[DATA SUPPLIED]

lemma fdeg_le_iff_kills: "fdeg f \<le> Some (enat m) \<longleftrightarrow> kills m f"
proof -
  consider "f = (\<lambda>_. 0)" | "f \<noteq> (\<lambda>_. 0)" "\<exists>n. kills n f" | "\<nexists>n. kills n f"
    by (auto simp: kills_def)
  then show ?thesis
  proof cases
    case 2
    then show ?thesis
      by (auto simp: fdeg_def intro: Least_le kills_mono[OF _ LeastI_ex])
  qed (auto simp: fdeg_def kills_def)
qed

lemma delta_le_iff:
  "delta TYPE('a::ab_group_add) TYPE('b::ab_group_add) \<le> Some (enat m)
     \<longleftrightarrow> diff_coeffs_dvd TYPE('a) (e_grp TYPE('b)) (Suc m)"
  by (auto simp: delta_def SUP_le_iff fdeg_le_iff_kills kills_def diff_coeffs_dvd_def
      iter_diff_eq_0_iff[symmetric])

lemma delta_eq_least_enat:
  assumes "\<exists>b::'b::ab_group_add. b \<noteq> 0"
  shows "delta TYPE('a::ab_group_add) TYPE('b)
    = Some (least_enat (diff_coeffs_dvd TYPE('a) (e_grp TYPE('b))) - 1)"
proof -
  from assms obtain b :: 'b where "b \<noteq> 0" by blast
  then have "Some (enat 0) \<le> fdeg (\<lambda>_::'a. b)"
    by (auto simp: fdeg_def zero_enat_def[symmetric] fun_eq_iff)
  also have "\<dots> \<le> delta TYPE('a) TYPE('b)"
    unfolding delta_def by (rule SUP_upper) simp
  finally obtain t where t: "delta TYPE('a) TYPE('b) = Some t"
    by (cases "delta TYPE('a) TYPE('b)") auto
  have "\<not> diff_coeffs_dvd TYPE('a) (e_grp TYPE('b)) 0"
    using e_grp_neq_1[OF assms] by (auto simp: diff_coeffs_dvd_def)
  then have "t = least_enat (diff_coeffs_dvd TYPE('a) (e_grp TYPE('b))) - 1"
    by (rule eq_least_enat_minus_1) (simp flip: delta_le_iff add: t)
  with t show ?thesis by simp
qed

definition aug_gen :: "'a \<Rightarrow> ('a::comm_monoid_add \<Rightarrow>\<^sub>0 'r::comm_ring_1)" where
  "aug_gen a = Poly_Mapping.single a 1 - 1"

lemma lookup_single_1_mult:
  "Poly_Mapping.lookup (Poly_Mapping.single a (1::'r::comm_ring_1) * g) y
     = Poly_Mapping.lookup g (y - (a::'a::ab_group_add))"
proof -
  have "Poly_Mapping.lookup (Poly_Mapping.single a (1::'r) * g) y
      = (\<Sum>q. Poly_Mapping.lookup g q when y = a + q)"
    by (simp add: lookup_mult lookup_single when_mult)
  also have "\<dots> = (\<Sum>q. Poly_Mapping.lookup g q when q = y - a)"
    by (rule Sum_any.cong) (auto simp: when_def algebra_simps)
  finally show ?thesis by simp
qed

lemma lookup_prod_aug_gen:
  "Poly_Mapping.lookup (prod_list (map aug_gen as) :: 'a::ab_group_add \<Rightarrow>\<^sub>0 'r::comm_ring_1) y
     = of_int (diff_coeff as y)"
  by (induct as arbitrary: y)
    (simp_all add: aug_gen_def lookup_one when_def left_diff_distrib lookup_minus lookup_single_1_mult)

lemma augmentation_eq_sum:
  assumes "finite K" "Poly_Mapping.keys x \<subseteq> K"
  shows "augmentation x = (\<Sum>a\<in>K. Poly_Mapping.lookup x a)"
  unfolding augmentation_def using assms
  by (intro sum.mono_neutral_left) (auto simp: in_keys_iff)

lemma aug_gen_in_aug_ideal: "(aug_gen a :: 'a::comm_monoid_add \<Rightarrow>\<^sub>0 'r::comm_ring_1) \<in> aug_ideal"
proof -
  let ?x = "aug_gen a :: 'a \<Rightarrow>\<^sub>0 'r"
  have "Poly_Mapping.keys ?x \<subseteq> {a, 0}"
    by (auto simp: aug_gen_def in_keys_iff lookup_minus lookup_one lookup_single when_def
        split: if_splits)
  then have "augmentation ?x = (\<Sum>b\<in>{a, 0}. Poly_Mapping.lookup ?x b)"
    by (intro augmentation_eq_sum) auto
  also have "\<dots> = 0"
    by (cases "a = 0") (auto simp: aug_gen_def lookup_minus lookup_one lookup_single when_def)
  finally show ?thesis by (simp add: aug_ideal_def)
qed

lemma prod_aug_gen_in_ideal_pow:
  "(prod_list (map aug_gen as) :: 'a::comm_monoid_add \<Rightarrow>\<^sub>0 'r::comm_ring_1)
    \<in> ideal_pow aug_ideal (length as)"
proof (induct as)
  case (Cons a as)
  then show ?case
    unfolding ideal_pow.simps length_Cons ideal_prod_def
    by (intro CollectI exI[of _ "[(aug_gen a, prod_list (map aug_gen as))]"])
      (simp add: aug_gen_in_aug_ideal)
qed simp

lemma zero_in_ideal_pow: "0 \<in> ideal_pow I n"
  by (cases n) (auto simp: ideal_prod_def intro: exI[of _ "[]"])

inductive_set aug_span :: "nat \<Rightarrow> ('a::comm_monoid_add \<Rightarrow>\<^sub>0 'r::comm_ring_1) set" for n where
  zero: "0 \<in> aug_span n"
| add_prod: "length as = n \<Longrightarrow> z \<in> aug_span n \<Longrightarrow> r * prod_list (map aug_gen as) + z \<in> aug_span n"

lemma aug_span_add: "x \<in> aug_span n \<Longrightarrow> y \<in> aug_span n \<Longrightarrow> x + y \<in> aug_span n"
  by (induct x rule: aug_span.induct) (auto simp: add.assoc intro: aug_span.intros)

lemma aug_span_sum: "finite K \<Longrightarrow> (\<And>k. k \<in> K \<Longrightarrow> g k \<in> aug_span n) \<Longrightarrow> sum g K \<in> aug_span n"
  by (induct K rule: finite_induct) (auto intro: aug_span.zero aug_span_add)

lemma aug_span_sum_list: "(\<And>x. x \<in> set xs \<Longrightarrow> x \<in> aug_span n) \<Longrightarrow> sum_list xs \<in> aug_span n"
  by (induct xs) (auto intro: aug_span.zero aug_span_add)

lemma mult_aug_gen_in_aug_span_1: "r * aug_gen a \<in> aug_span 1"
  using aug_span.add_prod[where as="[a]" and z=0 and r=r] by (simp add: aug_span.zero)

lemma aug_gen_mult_aug_span:
  "y \<in> aug_span n \<Longrightarrow> r * aug_gen a * y \<in> aug_span (Suc n)"
proof (induct y rule: aug_span.induct)
  case (add_prod as z r')
  have "r * aug_gen a * (r' * prod_list (map aug_gen as) + z)
      = (r * r') * prod_list (map aug_gen (a # as)) + r * aug_gen a * z"
    by (simp add: algebra_simps)
  also have "\<dots> \<in> aug_span (Suc n)"
    using add_prod by (intro aug_span.add_prod) simp_all
  finally show ?case .
qed (simp add: aug_span.zero)

lemma aug_span_1_mult: "x \<in> aug_span 1 \<Longrightarrow> y \<in> aug_span n \<Longrightarrow> x * y \<in> aug_span (Suc n)"
proof (induct x rule: aug_span.induct)
  case (add_prod as z r)
  then obtain a where "as = [a]"
    by (cases as) auto
  with add_prod show ?case
    by (simp add: distrib_right aug_span_add aug_gen_mult_aug_span)
qed (simp add: aug_span.zero)

lemma aug_ideal_subset_aug_span_1:
  "(aug_ideal :: ('a::comm_monoid_add \<Rightarrow>\<^sub>0 'r::comm_ring_1) set) \<subseteq> aug_span 1"
proof
  fix x :: "'a \<Rightarrow>\<^sub>0 'r"
  assume "x \<in> aug_ideal"
  let ?c = "Poly_Mapping.lookup x"
  have aug: "(\<Sum>a\<in>Poly_Mapping.keys x. ?c a) = 0"
    using \<open>x \<in> aug_ideal\<close> by (simp add: aug_ideal_def augmentation_def)
  have "x = (\<Sum>a\<in>Poly_Mapping.keys x. Poly_Mapping.single 0 (?c a) * aug_gen a)"
  proof (rule poly_mapping_eqI)
    fix y
    show "?c y = Poly_Mapping.lookup (\<Sum>a\<in>Poly_Mapping.keys x. Poly_Mapping.single 0 (?c a) * aug_gen a) y"
      using aug by (cases "y = 0")
        (auto simp: lookup_sum aug_gen_def algebra_simps mult_single lookup_minus lookup_single
          sum_subtractf when_def in_keys_iff)
  qed
  also have "\<dots> \<in> aug_span 1"
    by (intro aug_span_sum mult_aug_gen_in_aug_span_1) simp
  finally show "x \<in> aug_span 1" .
qed

lemma ideal_pow_subset_aug_span:
  "ideal_pow (aug_ideal :: ('a::ab_group_add \<Rightarrow>\<^sub>0 'r::comm_ring_1) set) n \<subseteq> aug_span n"
proof (induct n)
  case 0
  have "z * prod_list (map aug_gen []) + 0 \<in> aug_span 0" for z :: "'a \<Rightarrow>\<^sub>0 'r"
    by (intro aug_span.intros) simp_all
  then show ?case by auto
next
  case (Suc n)
  show ?case
  proof
    fix z
    assume "z \<in> ideal_pow (aug_ideal :: ('a \<Rightarrow>\<^sub>0 'r) set) (Suc n)"
    then obtain ps where
      ps: "\<forall>p\<in>set ps. fst p \<in> aug_ideal \<and> snd p \<in> ideal_pow (aug_ideal :: ('a \<Rightarrow>\<^sub>0 'r) set) n"
      and z: "z = (\<Sum>p\<leftarrow>ps. fst p * snd p)"
      by (auto simp: ideal_prod_def)
    show "z \<in> aug_span (Suc n)"
      unfolding z using ps Suc aug_ideal_subset_aug_span_1
      by (fastforce intro!: aug_span_sum_list aug_span_1_mult)
  qed
qed

lemma aug_span_eq_0:
  fixes x :: "'a::comm_monoid_add \<Rightarrow>\<^sub>0 'r::comm_ring_1"
  assumes "\<And>as. length as = n \<Longrightarrow> (prod_list (map aug_gen as) :: 'a \<Rightarrow>\<^sub>0 'r) = 0"
    and "x \<in> aug_span n"
  shows "x = 0"
  using assms(2) by induct (simp_all add: assms(1))

lemma ideal_pow_aug_ideal_eq_0_iff:
  "ideal_pow (aug_ideal :: ('a::ab_group_add \<Rightarrow>\<^sub>0 'r::comm_ring_1) set) n = {0}
    \<longleftrightarrow> (\<forall>as. length as = n \<longrightarrow> (prod_list (map aug_gen as) :: 'a \<Rightarrow>\<^sub>0 'r) = 0)"
proof
  assume "ideal_pow (aug_ideal :: ('a \<Rightarrow>\<^sub>0 'r) set) n = {0}"
  then show "\<forall>as. length as = n \<longrightarrow> (prod_list (map aug_gen as) :: 'a \<Rightarrow>\<^sub>0 'r) = 0"
    using prod_aug_gen_in_ideal_pow[where 'a='a and 'r='r] by auto
next
  assume prods: "\<forall>as. length as = n \<longrightarrow> (prod_list (map aug_gen as) :: 'a \<Rightarrow>\<^sub>0 'r) = 0"
  have "x = 0" if "x \<in> ideal_pow (aug_ideal :: ('a \<Rightarrow>\<^sub>0 'r) set) n" for x
  proof (rule aug_span_eq_0)
    show "x \<in> aug_span n"
      using that ideal_pow_subset_aug_span by blast
  qed (use prods in blast)
  then show "ideal_pow (aug_ideal :: ('a \<Rightarrow>\<^sub>0 'r) set) n = {0}"
    using zero_in_ideal_pow by blast
qed

lemma ideal_pow_aug_ideal_eq_0_iff_diff_coeffs_dvd:
  assumes "is_Zmod TYPE('r::comm_ring_1) e"
  shows "ideal_pow (aug_ideal :: ('a::ab_group_add \<Rightarrow>\<^sub>0 'r) set) n = {0}
    \<longleftrightarrow> diff_coeffs_dvd TYPE('a) e n"
proof -
  have kernel: "(of_int k :: 'r) = 0 \<longleftrightarrow> int e dvd k" for k
    using assms by (simp add: is_Zmod_def)
  have "(prod_list (map aug_gen as) :: 'a \<Rightarrow>\<^sub>0 'r) = 0 \<longleftrightarrow> (\<forall>y. int e dvd diff_coeff as y)"
    for as :: "'a list"
    by (simp add: poly_mapping_eq_iff fun_eq_iff lookup_prod_aug_gen kernel)
  then show ?thesis
    by (simp add: ideal_pow_aug_ideal_eq_0_iff diff_coeffs_dvd_def)
qed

[/DATA SUPPLIED]

**EXERCISE DESCRIPTION:** The reply should hold only the lines from the beginning of the listing to the line with "(e_grp TYPE('b)) (Suc", both ends included, unchanged.

**OUTPUT:**
lemma fdeg_le_iff_kills: "fdeg f \<le> Some (enat m) \<longleftrightarrow> kills m f"
proof -
  consider "f = (\<lambda>_. 0)" | "f \<noteq> (\<lambda>_. 0)" "\<exists>n. kills n f" | "\<nexists>n. kills n f"
    by (auto simp: kills_def)
  then show ?thesis
  proof cases
    case 2
    then show ?thesis
      by (auto simp: fdeg_def intro: Least_le kills_mono[OF _ LeastI_ex])
  qed (auto simp: fdeg_def kills_def)
qed

lemma delta_le_iff:
  "delta TYPE('a::ab_group_add) TYPE('b::ab_group_add) \<le> Some (enat m)
     \<longleftrightarrow> diff_coeffs_dvd TYPE('a) (e_grp TYPE('b)) (Suc m)"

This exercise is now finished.